> **WHAT IS NEEDED**
All that is needed is every line of the listing below that has "times".

**********

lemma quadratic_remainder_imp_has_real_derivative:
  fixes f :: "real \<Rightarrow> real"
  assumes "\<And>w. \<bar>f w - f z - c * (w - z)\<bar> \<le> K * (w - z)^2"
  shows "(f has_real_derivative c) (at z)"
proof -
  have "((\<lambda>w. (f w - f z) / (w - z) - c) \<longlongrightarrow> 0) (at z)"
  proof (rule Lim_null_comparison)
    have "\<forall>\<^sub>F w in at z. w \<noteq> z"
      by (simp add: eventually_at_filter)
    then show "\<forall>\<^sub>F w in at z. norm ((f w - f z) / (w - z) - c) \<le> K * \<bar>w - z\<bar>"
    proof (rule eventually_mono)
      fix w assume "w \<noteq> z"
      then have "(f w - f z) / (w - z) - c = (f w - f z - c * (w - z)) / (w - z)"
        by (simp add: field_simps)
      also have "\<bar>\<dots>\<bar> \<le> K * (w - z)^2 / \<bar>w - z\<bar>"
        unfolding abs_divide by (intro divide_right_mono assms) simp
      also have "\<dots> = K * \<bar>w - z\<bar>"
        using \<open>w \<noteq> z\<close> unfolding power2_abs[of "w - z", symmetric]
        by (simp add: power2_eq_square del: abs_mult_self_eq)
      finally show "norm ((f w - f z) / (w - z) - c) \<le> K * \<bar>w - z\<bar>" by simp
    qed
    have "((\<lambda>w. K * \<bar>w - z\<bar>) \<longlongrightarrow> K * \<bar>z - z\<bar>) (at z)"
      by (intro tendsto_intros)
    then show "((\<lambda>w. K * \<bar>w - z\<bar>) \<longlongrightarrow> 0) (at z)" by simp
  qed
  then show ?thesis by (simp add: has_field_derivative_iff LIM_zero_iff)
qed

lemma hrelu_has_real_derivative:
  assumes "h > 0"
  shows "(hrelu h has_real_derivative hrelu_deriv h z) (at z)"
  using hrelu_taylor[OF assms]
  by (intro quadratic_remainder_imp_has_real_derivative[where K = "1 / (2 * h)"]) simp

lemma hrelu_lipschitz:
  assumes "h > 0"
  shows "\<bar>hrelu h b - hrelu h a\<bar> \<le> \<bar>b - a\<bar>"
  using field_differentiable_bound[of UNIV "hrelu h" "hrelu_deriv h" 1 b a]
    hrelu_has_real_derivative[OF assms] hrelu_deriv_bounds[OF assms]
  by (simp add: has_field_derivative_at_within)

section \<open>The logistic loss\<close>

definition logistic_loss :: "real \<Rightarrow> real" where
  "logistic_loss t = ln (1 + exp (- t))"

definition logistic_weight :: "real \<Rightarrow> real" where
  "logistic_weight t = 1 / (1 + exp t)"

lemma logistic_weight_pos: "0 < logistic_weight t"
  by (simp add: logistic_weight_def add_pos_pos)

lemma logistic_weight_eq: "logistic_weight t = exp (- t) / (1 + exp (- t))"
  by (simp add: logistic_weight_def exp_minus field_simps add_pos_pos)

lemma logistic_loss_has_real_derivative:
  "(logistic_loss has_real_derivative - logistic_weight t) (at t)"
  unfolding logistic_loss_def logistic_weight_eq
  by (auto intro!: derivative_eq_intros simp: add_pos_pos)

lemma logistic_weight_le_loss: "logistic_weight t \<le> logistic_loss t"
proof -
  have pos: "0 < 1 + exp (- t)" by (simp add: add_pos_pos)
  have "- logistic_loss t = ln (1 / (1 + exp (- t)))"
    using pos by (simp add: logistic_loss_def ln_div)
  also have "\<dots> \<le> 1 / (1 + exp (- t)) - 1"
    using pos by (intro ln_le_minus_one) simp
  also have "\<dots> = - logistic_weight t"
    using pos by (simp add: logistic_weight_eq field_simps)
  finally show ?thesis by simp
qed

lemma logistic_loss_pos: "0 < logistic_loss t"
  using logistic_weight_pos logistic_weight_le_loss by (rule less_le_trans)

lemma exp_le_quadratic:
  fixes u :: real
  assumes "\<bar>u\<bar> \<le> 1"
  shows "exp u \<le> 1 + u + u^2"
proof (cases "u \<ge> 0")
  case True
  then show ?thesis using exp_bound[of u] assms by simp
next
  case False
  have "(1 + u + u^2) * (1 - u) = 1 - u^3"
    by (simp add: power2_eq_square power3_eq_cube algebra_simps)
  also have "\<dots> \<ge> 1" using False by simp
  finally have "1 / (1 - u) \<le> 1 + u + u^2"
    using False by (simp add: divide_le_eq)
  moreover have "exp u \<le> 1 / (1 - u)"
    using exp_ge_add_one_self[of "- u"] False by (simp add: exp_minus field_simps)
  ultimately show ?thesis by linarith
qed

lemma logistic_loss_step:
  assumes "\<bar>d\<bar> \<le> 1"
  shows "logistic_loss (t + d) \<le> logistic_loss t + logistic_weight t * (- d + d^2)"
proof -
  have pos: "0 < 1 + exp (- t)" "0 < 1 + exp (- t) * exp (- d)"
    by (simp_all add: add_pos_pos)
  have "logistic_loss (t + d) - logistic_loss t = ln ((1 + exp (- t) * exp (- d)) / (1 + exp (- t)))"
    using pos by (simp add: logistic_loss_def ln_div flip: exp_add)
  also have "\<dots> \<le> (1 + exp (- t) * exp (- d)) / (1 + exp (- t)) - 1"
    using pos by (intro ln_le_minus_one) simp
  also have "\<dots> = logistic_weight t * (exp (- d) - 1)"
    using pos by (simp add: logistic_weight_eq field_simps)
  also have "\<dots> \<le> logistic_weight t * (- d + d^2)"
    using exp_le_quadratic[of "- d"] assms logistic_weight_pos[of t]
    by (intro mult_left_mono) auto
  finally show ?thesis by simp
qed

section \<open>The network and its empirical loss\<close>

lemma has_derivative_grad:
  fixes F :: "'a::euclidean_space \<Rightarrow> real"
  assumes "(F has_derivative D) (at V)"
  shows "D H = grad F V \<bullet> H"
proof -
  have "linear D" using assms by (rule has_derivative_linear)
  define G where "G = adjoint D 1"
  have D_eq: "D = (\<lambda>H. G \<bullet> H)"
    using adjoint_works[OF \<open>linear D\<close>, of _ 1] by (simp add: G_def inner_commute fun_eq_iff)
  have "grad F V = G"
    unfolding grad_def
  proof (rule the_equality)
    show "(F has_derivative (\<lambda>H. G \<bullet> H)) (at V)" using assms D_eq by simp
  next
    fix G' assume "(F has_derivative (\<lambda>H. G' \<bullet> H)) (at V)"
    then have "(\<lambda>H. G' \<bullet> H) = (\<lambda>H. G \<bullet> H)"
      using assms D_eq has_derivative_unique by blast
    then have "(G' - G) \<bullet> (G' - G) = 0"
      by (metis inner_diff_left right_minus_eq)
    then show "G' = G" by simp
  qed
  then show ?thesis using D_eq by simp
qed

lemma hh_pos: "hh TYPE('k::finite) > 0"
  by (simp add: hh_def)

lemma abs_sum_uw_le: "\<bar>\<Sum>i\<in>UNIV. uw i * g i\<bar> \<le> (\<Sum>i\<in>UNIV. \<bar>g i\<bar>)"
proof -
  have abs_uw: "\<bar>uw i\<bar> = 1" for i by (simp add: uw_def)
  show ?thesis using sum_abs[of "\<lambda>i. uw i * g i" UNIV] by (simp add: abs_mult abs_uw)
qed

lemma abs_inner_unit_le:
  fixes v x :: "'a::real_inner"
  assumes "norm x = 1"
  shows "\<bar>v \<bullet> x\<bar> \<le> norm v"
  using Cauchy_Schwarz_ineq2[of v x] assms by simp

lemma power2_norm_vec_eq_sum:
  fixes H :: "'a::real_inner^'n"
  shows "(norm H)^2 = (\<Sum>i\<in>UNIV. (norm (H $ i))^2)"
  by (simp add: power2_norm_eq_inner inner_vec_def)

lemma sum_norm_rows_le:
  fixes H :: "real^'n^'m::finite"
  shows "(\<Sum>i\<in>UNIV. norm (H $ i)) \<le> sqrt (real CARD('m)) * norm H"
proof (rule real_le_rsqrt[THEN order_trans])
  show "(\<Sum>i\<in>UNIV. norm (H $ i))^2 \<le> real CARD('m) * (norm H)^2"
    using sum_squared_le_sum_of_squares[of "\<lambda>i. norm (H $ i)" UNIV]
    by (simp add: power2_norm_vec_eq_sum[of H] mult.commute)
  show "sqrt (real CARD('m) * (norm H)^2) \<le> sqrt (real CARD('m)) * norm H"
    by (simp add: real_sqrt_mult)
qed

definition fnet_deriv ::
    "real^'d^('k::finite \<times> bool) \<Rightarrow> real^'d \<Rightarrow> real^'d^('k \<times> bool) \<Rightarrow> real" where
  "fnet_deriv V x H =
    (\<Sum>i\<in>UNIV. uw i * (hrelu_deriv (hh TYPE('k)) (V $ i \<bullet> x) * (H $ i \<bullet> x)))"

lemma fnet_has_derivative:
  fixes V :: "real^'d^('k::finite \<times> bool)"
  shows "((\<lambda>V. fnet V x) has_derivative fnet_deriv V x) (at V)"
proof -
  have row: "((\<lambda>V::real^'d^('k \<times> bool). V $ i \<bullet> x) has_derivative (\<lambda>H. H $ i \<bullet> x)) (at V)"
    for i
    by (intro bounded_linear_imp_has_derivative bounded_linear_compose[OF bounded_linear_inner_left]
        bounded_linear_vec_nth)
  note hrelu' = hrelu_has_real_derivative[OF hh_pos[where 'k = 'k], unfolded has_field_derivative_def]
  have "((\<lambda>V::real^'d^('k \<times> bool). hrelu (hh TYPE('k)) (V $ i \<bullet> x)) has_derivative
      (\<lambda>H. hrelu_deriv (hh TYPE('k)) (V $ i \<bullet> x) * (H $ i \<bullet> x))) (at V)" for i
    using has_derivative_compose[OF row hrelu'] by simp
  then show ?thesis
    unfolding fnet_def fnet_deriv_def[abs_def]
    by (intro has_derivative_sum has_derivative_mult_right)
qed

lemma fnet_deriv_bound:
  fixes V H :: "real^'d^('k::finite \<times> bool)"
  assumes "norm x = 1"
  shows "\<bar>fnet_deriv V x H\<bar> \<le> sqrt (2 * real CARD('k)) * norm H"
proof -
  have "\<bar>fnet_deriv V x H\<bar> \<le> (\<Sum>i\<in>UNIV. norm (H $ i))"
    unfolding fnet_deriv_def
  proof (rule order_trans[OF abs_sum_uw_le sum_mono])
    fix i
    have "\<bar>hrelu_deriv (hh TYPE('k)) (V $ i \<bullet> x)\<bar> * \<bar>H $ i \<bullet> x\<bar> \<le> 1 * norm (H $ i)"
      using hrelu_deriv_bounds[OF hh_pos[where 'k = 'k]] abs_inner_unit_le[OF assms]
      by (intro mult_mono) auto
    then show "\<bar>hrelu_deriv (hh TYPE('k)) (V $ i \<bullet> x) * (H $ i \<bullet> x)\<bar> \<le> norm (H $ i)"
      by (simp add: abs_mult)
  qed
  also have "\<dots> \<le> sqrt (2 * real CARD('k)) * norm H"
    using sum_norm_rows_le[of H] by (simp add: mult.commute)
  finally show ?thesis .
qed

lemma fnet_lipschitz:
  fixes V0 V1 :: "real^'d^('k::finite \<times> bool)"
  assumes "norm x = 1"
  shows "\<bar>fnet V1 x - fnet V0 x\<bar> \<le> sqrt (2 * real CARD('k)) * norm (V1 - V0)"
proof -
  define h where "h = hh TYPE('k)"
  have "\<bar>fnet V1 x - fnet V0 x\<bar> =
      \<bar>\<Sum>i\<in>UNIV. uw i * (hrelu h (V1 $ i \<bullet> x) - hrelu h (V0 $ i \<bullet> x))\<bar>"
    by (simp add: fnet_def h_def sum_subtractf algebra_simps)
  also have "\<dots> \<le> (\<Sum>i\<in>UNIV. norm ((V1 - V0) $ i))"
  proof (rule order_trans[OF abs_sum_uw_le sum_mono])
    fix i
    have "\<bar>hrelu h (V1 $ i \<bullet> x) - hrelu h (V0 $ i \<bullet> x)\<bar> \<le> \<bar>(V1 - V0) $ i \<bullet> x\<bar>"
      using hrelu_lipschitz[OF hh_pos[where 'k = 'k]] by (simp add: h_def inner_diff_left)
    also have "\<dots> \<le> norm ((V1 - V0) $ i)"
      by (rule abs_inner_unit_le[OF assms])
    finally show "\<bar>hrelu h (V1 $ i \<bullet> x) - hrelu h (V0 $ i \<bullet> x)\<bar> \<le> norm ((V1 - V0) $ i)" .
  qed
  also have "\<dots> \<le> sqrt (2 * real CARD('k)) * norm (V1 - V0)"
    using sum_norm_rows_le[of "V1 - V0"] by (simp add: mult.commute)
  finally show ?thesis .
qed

**********

> **TASK SOLUTION**
    "real^'d^('k::finite \<times> bool) \<Rightarrow> real^'d \<Rightarrow> real^'d^('k \<times> bool) \<Rightarrow> real" where
  fixes V :: "real^'d^('k::finite \<times> bool)"
  have row: "((\<lambda>V::real^'d^('k \<times> bool). V $ i \<bullet> x) has_derivative (\<lambda>H. H $ i \<bullet> x)) (at V)"
  have "((\<lambda>V::real^'d^('k \<times> bool). hrelu (hh TYPE('k)) (V $ i \<bullet> x)) has_derivative
  fixes V H :: "real^'d^('k::finite \<times> bool)"
  fixes V0 V1 :: "real^'d^('k::finite \<times> bool)"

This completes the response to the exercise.